Occult hepatitis B is an objective presence

  Occult hepatitis B is HBsAg-negative hepatitis B, manifested by elevated serum transaminases or/and elevated bilirubin, with/without clinical symptoms, but the “two-and-a-half” test is “small two-positive”, “recovery three-positive”, “recovery two-positive” (please read: Understanding two-and-a-half, interpreting two-and-a-half). (Please read: Understanding the two and a half pairs, explaining the two and a half pairs).  There is no reliable method to diagnose occult hepatitis B. The accepted and ideal, but impractical, diagnostic method is the detection of blood or/and liver hepatitis B virus nucleic acid or detection of hepatic hepatitis B virus antigen by more sensitive methods; however, a negative test still does not exclude occult hepatitis B because the virus nucleic acid or antigen manifests at low levels and does not reach detectable levels on a continuous basis, so many patients are missed.  Clinical experience suggests that more patients with occult hepatitis B may be diagnosed than by currently accepted methods. An empirical diagnosis may take several years and usually requires the patient to be patient enough to cooperate with the physician’s ongoing observation and trial treatment. The most common confusion in clinical practice is that some patients with occult hepatitis B may also have positive autoantibodies, making it difficult for physicians to diagnose the patient as having hepatitis B or autoimmune hepatitis.  Most patients with occult hepatitis B are unlikely to progress to cirrhosis, but some are already cirrhotic and tend to be decompensated; occult hepatitis B is less likely to progress to hepatocellular carcinoma than manifest hepatitis B, but is still a high risk for hepatocellular carcinoma.
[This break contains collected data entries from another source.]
lemma ext_residue_square:
  assumes "cnj z = z" "cnj w = w" "w * w = z * z - 1"
  shows "\<forall>i<4. \<forall>j<4. mmult 4 (ext_residue z w) (madj (ext_residue z w)) i j
      = 2 * z * ext_defect z w i j"
  using assms by (simp add: all_less_4 sum_lessThan_4 mmult_def madj_def ext_residue_def
      ext_defect_def mat4_def algebra_simps)

lemma ext_residue_rank_2:
  assumes "w * w = z * z - 1"
  shows "\<forall>i<4. \<forall>j<4. (\<Sum>k<2. ext_residue z w i k * ext_residue z w k j) = ext_residue z w i j"
  using assms by (simp add: all_less_4 sum_lessThan_2 ext_residue_def mat4_def algebra_simps)

lemma ext_defect_square:
  assumes "w * w = z * z - 1"
  shows "\<forall>i<4. \<forall>j<4. mmult 4 (ext_defect z w) (ext_defect z w) i j = 2 * z * ext_defect z w i j"
  using assms by (simp add: all_less_4 sum_lessThan_4 mmult_def ext_defect_def mat4_def algebra_simps)

lemma ext_defect_hermitian:
  assumes "cnj z = z" "cnj w = w"
  shows "\<forall>i<4. \<forall>j<4. ext_defect z w i j = cnj (ext_defect z w j i)"
  using assms by (simp add: all_less_4 ext_defect_def mat4_def)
However, it is still a high-risk group for liver cancer.  There have been some patients with occult hepatitis B who, after several years of trial treatment failure and switching to antiviral therapy, eventually achieved sustained remission or disappearance of liver disease-related symptoms and normalization or significant improvement in laboratory parameters, and who have continued for years with “small two-positive”, “recovered three-positive”, “recovered two-positive The positive conversion of “small two-positive”, “recovered three-positive”, and “recovered two-positive” (please read: Bi-directional evolution of two-and-a-half-pair performance pattern) also occurred.